Establishing methods to monitor H5N1 influenza virus in dairy cattle milk

Abstract

Highly Pathogenic Avian Influenza strain H5N1 has caused a multi-state outbreak among US dairy cattle, spreading across 15 states and infecting hundreds of herds since its onset. We rapidly developed and optimized PCR-based detection assays and sequencing protocols to support H5N1 molecular surveillance. Using 214 retail milk from 20 states for methods development, we found that H5N1 concentrations by digital PCR strongly correlated with qPCR cycle threshold (Ct) values, with dPCR exhibiting greater sensitivity. We also found that metagenomic sequencing after hybrid selection was best for higher concentration samples while amplicon sequencing performs best for lower concentrations. By establishing these methods, we were able to support the creation of a statewide surveillance program to test bulk milk samples monthly from all cattle dairy farms within Massachusetts, which remain negative to date. The methods, workflow, and recommendations described here provide a framework for others aiming to conduct H5N1 surveillance efforts.

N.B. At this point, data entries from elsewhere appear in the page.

definition flat :: "'a::finite set set \<Rightarrow> 'a set \<Rightarrow> bool" where
  "flat B F \<longleftrightarrow> mcl B F = F"

definition circuit :: "'a::finite set set \<Rightarrow> 'a set \<Rightarrow> bool" where
  "circuit B C \<longleftrightarrow> \<not> indep B C \<and> (\<forall>x\<in>C. indep B (C - {x}))"

definition connected_matroid :: "'a::finite set set \<Rightarrow> bool" where
  "connected_matroid B \<longleftrightarrow> (\<forall>e f. e \<noteq> f \<longrightarrow> (\<exists>C. circuit B C \<and> e \<in> C \<and> f \<in> C))"

definition weight_bases :: "'a::finite set set \<Rightarrow> real^'a \<Rightarrow> 'a set set" where
  "weight_bases B w = {b\<in>B. \<forall>b'\<in>B. (\<Sum>i\<in>b'. w $ i) \<le> (\<Sum>i\<in>b. w $ i)}"

definition max_indep_in :: "'a::finite set set \<Rightarrow> 'a set \<Rightarrow> 'a set \<Rightarrow> bool" where
  "max_indep_in B X \<tau> \<longleftrightarrow> \<tau> \<subseteq> X \<and> indep B \<tau> \<and>
     (\<forall>\<tau>'. \<tau> \<subset> \<tau>' \<and> \<tau>' \<subseteq> X \<longrightarrow> \<not> indep B \<tau>')"

text \<open>Bases of the minor M[F,G] (restrict to G, contract F); ground set G - F.\<close>
definition minor_bases :: "'a::finite set set \<Rightarrow> 'a set \<Rightarrow> 'a set \<Rightarrow> 'a set set" where
  "minor_bases B F G = {\<tau> - F | \<tau>. max_indep_in B G \<tau> \<and> (\<exists>\<sigma>. max_indep_in B F \<sigma> \<and> \<sigma> \<subseteq> \<tau>)}"

definition flat_join :: "'a::finite set set \<Rightarrow> 'a set set \<Rightarrow> 'a set" where
  "flat_join B \<X> = mcl B (\<Union>\<X>)"

definition maximal_in :: "'a set set \<Rightarrow> 'a set set" where
  "maximal_in \<S> = {G\<in>\<S>. \<not> (\<exists>H\<in>\<S>. G \<subset> H)}"

definition building_set :: "'a::finite set set \<Rightarrow> 'a set set \<Rightarrow> bool" where
  "building_set B \<G> \<longleftrightarrow> \<G> \<subseteq> {F. flat B F \<and> F \<noteq> {}} \<and>
     (\<forall>X. flat B X \<and> X \<noteq> {} \<longrightarrow>
        (let Mx = maximal_in {G\<in>\<G>. G \<subseteq> X};
             P = PiE Mx (\<lambda>G. {F. flat B F \<and> F \<subseteq> G});
             j = (\<lambda>f. flat_join B (f ` Mx))
         in bij_betw j P {Y. flat B Y \<and> Y \<subseteq> X} \<and>
            (\<forall>f\<in>P. \<forall>g\<in>P. (\<forall>G\<in>Mx. f G \<subseteq> g G) \<longleftrightarrow> j f \<subseteq> j g)))"

definition nested :: "'a::finite set set \<Rightarrow> 'a set set \<Rightarrow> 'a set set \<Rightarrow> bool" where
  "nested B \<G> \<S> \<longleftrightarrow> \<S> \<subseteq> \<G> \<and>
     (\<forall>T\<subseteq>\<S>. card T \<ge> 2 \<and> (\<forall>G\<in>T. \<forall>H\<in>T. G \<subseteq> H \<longrightarrow> G = H) \<longrightarrow> flat_join B T \<notin> \<G>)"

definition G_minus :: "'a::finite set set \<Rightarrow> 'a set set \<Rightarrow> 'a set \<Rightarrow> 'a set" where
  "G_minus B \<S> G = (let L = {H\<in>\<S>. H \<subset> G} in if L = {} then {} else flat_join B (maximal_in L))"

definition incvec :: "'a::finite set \<Rightarrow> real^'a" where
  "incvec G = (\<chi> i. if i \<in> G then 1 else 0)"

definition nonneg_cone :: "(real^'a::finite) set \<Rightarrow> (real^'a) set" where
  "nonneg_cone V = {\<Sum>v\<in>V. c v *\<^sub>R v | c. \<forall>v\<in>V. 0 \<le> c v}"

definition is_direct_sum :: "'a::finite set set \<Rightarrow> 'i set \<Rightarrow> ('i \<Rightarrow> 'a set) \<Rightarrow> ('i \<Rightarrow> 'a set set) \<Rightarrow> bool" where
  "is_direct_sum B I E Bs \<longleftrightarrow>
     (\<forall>i\<in>I. \<forall>j\<in>I. i \<noteq> j \<longrightarrow> E i \<inter> E j = {}) \<and> (\<Union>i\<in>I. E i) = UNIV \<and>
     B = {\<Union>i\<in>I. b i | b. \<forall>i\<in>I. b i \<in> Bs i}"

end

theory Submission
  imports Defs
begin

(* Write w = sum_G c_G v_G with all c_G > 0 (w is relatively interior in the cone).  The weight
   of a basis \<sigma> is then sum_G c_G |\<sigma> \<inter> G| <= sum_G c_G rk G, with equality iff \<sigma> \<inter> G is a basis
   of G for every G in S; call such \<sigma> adapted.  In a connected matroid the building-set
   isomorphism [\<emptyset>, X] = \<Prod>_K [\<emptyset>, K] forces the factors K of a flat X to be disjoint and M|X to
   be their direct sum, and nestedness makes an antichain T of S exactly the factors of its
   join, which is then just \<Union>T.  Hence S is laminar, G^- is the disjoint union of the children
   of G, and by induction along S a set is an adapted basis iff it is a union of bases of the
   minors M[G^-, G] on the pieces G - G^-, which partition the ground set.  Adapted bases exist,
   so they are exactly the bases of M_w. *)

lemma sum_incvec_weight:
  "(\<Sum>i\<in>\<sigma>. (\<Sum>G\<in>S. c G *\<^sub>R incvec G) $ i) = (\<Sum>G\<in>S. c G * real (card (\<sigma> \<inter> G)))"
proof -
  have "(\<Sum>i\<in>\<sigma>. (\<Sum>G\<in>S. c G *\<^sub>R incvec G) $ i) = (\<Sum>i\<in>\<sigma>. \<Sum>G\<in>S. c G * of_bool (i \<in> G))"
    unfolding incvec_def of_bool_def
    by (simp only: sum_component vector_scaleR_component vec_lambda_beta real_scaleR_def)
  also have "\<dots> = (\<Sum>G\<in>S. \<Sum>i\<in>\<sigma>. c G * of_bool (i \<in> G))"
    by (rule sum.swap)
  also have "\<dots> = (\<Sum>G\<in>S. c G * real (card (\<sigma> \<inter> G)))"
    by (simp add: sum_distrib_left[symmetric] sum.inter_restrict[symmetric] Int_commute)
  finally show ?thesis .
qed

lemma convex_nonneg_cone: "convex (nonneg_cone V)"
proof (rule convexI)
  fix x y :: "real^'a" and u v :: real
  assume "x \<in> nonneg_cone V" "y \<in> nonneg_cone V" and uv: "0 \<le> u" "0 \<le> v" "u + v = 1"
  then obtain c d where "\<forall>z\<in>V. 0 \<le> c z" "x = (\<Sum>z\<in>V. c z *\<^sub>R z)"
    and "\<forall>z\<in>V. 0 \<le> d z" "y = (\<Sum>z\<in>V. d z *\<^sub>R z)"
    unfolding nonneg_cone_def by blast
  moreover have "u *\<^sub>R (\<Sum>z\<in>V. c z *\<^sub>R z) + v *\<^sub>R (\<Sum>z\<in>V. d z *\<^sub>R z)
      = (\<Sum>z\<in>V. (u * c z + v * d z) *\<^sub>R z)"
    by (simp add: scaleR_sum_right scaleR_add_left sum.distrib)
  ultimately show "u *\<^sub>R x + v *\<^sub>R y \<in> nonneg_cone V"
    unfolding nonneg_cone_def using uv by (auto intro!: exI[of _ "\<lambda>z. u * c z + v * d z"])
qed

text \<open>As w is relatively interior, moving it slightly away from p = sum V stays in the cone;
  solving back for w gives every generator a positive coefficient.\<close>
lemma rel_interior_nonneg_cone_pos_coeffs:
  assumes "finite V" and w: "w \<in> rel_interior (nonneg_cone V)"
  obtains c where "\<forall>v\<in>V. 0 < c v" "w = (\<Sum>v\<in>V. c v *\<^sub>R v)"
proof -
  define p where "p = (\<Sum>v\<in>V. v)"
  have "p \<in> nonneg_cone V"
    unfolding nonneg_cone_def p_def by (auto intro!: exI[of _ "\<lambda>_. 1"])
  then have "p \<in> affine hull (nonneg_cone V)" by (simp add: hull_inc)
  then obtain m where m: "1 < m" "(1 - m) *\<^sub>R p + m *\<^sub>R w \<in> nonneg_cone V"
    using convex_rel_interior_if[OF convex_nonneg_cone w] by blast
  then obtain d where d: "\<forall>v\<in>V. 0 \<le> d v" "(1 - m) *\<^sub>R p + m *\<^sub>R w = (\<Sum>v\<in>V. d v *\<^sub>R v)"
    unfolding nonneg_cone_def by blast
  have "m *\<^sub>R w = (\<Sum>v\<in>V. d v *\<^sub>R v) + (m - 1) *\<^sub>R p"
    using d(2) by (simp add: algebra_simps)
  also have "\<dots> = (\<Sum>v\<in>V. (d v + (m - 1)) *\<^sub>R v)"
    unfolding p_def by (simp add: scaleR_add_left sum.distrib scaleR_sum_right)
  finally have mw: "m *\<^sub>R w = (\<Sum>v\<in>V. (d v + (m - 1)) *\<^sub>R v)" .
  have "w = inverse m *\<^sub>R (m *\<^sub>R w)" using m(1) by simp
  also have "\<dots> = (\<Sum>v\<in>V. (inverse m * (d v + (m - 1))) *\<^sub>R v)"
    unfolding mw by (simp add: scaleR_sum_right)
  finally have "w = (\<Sum>v\<in>V. (inverse m * (d v + (m - 1))) *\<^sub>R v)" .
  moreover have "\<forall>v\<in>V. 0 < inverse m * (d v + (m - 1))"
    using d(1) m(1) by (auto intro!: mult_pos_pos)
  ultimately show ?thesis using that[of "\<lambda>v. inverse m * (d v + (m - 1))"] by blast
qed

lemma inj_incvec: "inj incvec"
  by (rule injI) (auto simp: incvec_def vec_eq_iff split: if_splits)

lemma rel_interior_cone_incvec_pos_coeffs:
  fixes S :: "'a::finite set set"
  assumes "w \<in> rel_interior (nonneg_cone (incvec ` S))"
  obtains c where "\<forall>G\<in>S. 0 < c G" "w = (\<Sum>G\<in>S. c G *\<^sub>R incvec G)"
proof -
  obtain d where d: "\<forall>v\<in>incvec ` S. 0 < d v" "w = (\<Sum>v\<in>incvec ` S. d v *\<^sub>R v)"
    using rel_interior_nonneg_cone_pos_coeffs[OF finite_imageI[OF finite] assms] by blast
  have "w = (\<Sum>G\<in>S. d (incvec G) *\<^sub>R incvec G)"
    unfolding d(2) by (simp add: sum.reindex[OF inj_on_subset[OF inj_incvec subset_UNIV]])
  moreover have "\<forall>G\<in>S. 0 < d (incvec G)" using d(1) by blast
  ultimately show ?thesis using that[of "\<lambda>G. d (incvec G)"] by blast
qed

lemma card_lt_2_singletonE:
  fixes A :: "'b::finite set"
  assumes "\<not> 2 \<le> card A" "A \<noteq> {}"
  obtains a where "A = {a}"
proof -
  have "card A \<noteq> 0" using assms(2) by simp
  then have "card A = 1" using assms(1) by linarith
  then obtain a where "A = {a}" by (rule card_1_singletonE)
  then show ?thesis by (rule that)
qed

definition antichain :: "'a set set \<Rightarrow> bool" where
  "antichain T \<longleftrightarrow> (\<forall>G\<in>T. \<forall>H\<in>T. G \<subseteq> H \<longrightarrow> G = H)"

locale matroid =
  fixes B :: "'a::finite set set"
  assumes matroid_bases: "matroid_bases B"
begin

lemma bases_nonempty: "B \<noteq> {}"
  using matroid_bases unfolding matroid_bases_def by blast

lemma basis_exchange:
  "b1 \<in> B \<Longrightarrow> b2 \<in> B \<Longrightarrow> x \<in> b1 - b2 \<Longrightarrow> \<exists>y\<in>b2 - b1. insert y (b1 - {x}) \<in> B"
  using matroid_bases unfolding matroid_bases_def by blast

lemma indep_empty: "indep B {}"
  using bases_nonempty unfolding indep_def by blast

Figure 1:. Validation and characterization of dPCR and qPCR H5N1 assays on synthetic spike-in samples.

(A-B) Detection of (A) dPCR (H5_Taq and RP_Bov) and (B) qPCR (H5_Taq) assays using serial dilutions of synthetic H5N1 RNA standard material. For qPCR data, we combined and jointly analyzed all standard curve data from runs during retail milk testing. (C-D) Limit of Detection (LOD) analysis for (C) measured concentrations compared to expected concentrations for both qPCR and dPCR and (D) correlation of dPCR concentrations with qPCR Ct values. Fitted lines in (A) and (D) represent simple linear regression lines of best fit.

Figure 2:. dPCR detection of H5N1 synthetic nucleic acid (top) and RNaseP Bovine (bottom) for the MagMAX CORE extraction kit.

For direct extraction, we extracted 200μL of milk spiked with serial dilutions of H5N1 synthetic fragments. For pre-centrifugation, we centrifuged samples for 12000×g for 10 minutes following spike-in, after which we extracted 200μL.

Figure 3:. Comparison of dPCR and qPCR H5N1 testing on retail milk samples.

(A) Agreement of positive and negative calls of milk samples between the two platforms. (B) Correlation of H5N1 measured by dPCR concentration compared with qPCR Ct value. For plotting purposes, samples not detected by dPCR were graphed with a dPCR concentration of 0 copies/μL while samples not detected by qPCR were graphed with a Ct value of 40.

Figure 4:. H5N1 and Bovine Ribonuclease P (RP_Bov) for all retail milk samples as measured by dPCR.

A) The concentration of H5N1 as a function of processing state and expiration date. B) RP_Bov data for all samples. The gray-shaded region corresponds to the average RP_Bov concentration of all data plus and minus one standard deviation.

Figure 5:

(A) Completeness of H5N1 genome assemblies generated by unbiased metagenomics (RNA-Seq), virus-enriched hybrid-selected metagenomics (hsRNA-Seq) and targeted H5N1 Amplicon Sequencing (Amp-Seq) as a function of H5N1 copies/μL RNA. (B): the most complete H5N1 assembly produced for each sample sorted by length and the underlying sequencing approach. Ultra-pasteurized samples are indicated by an (*) above the bar.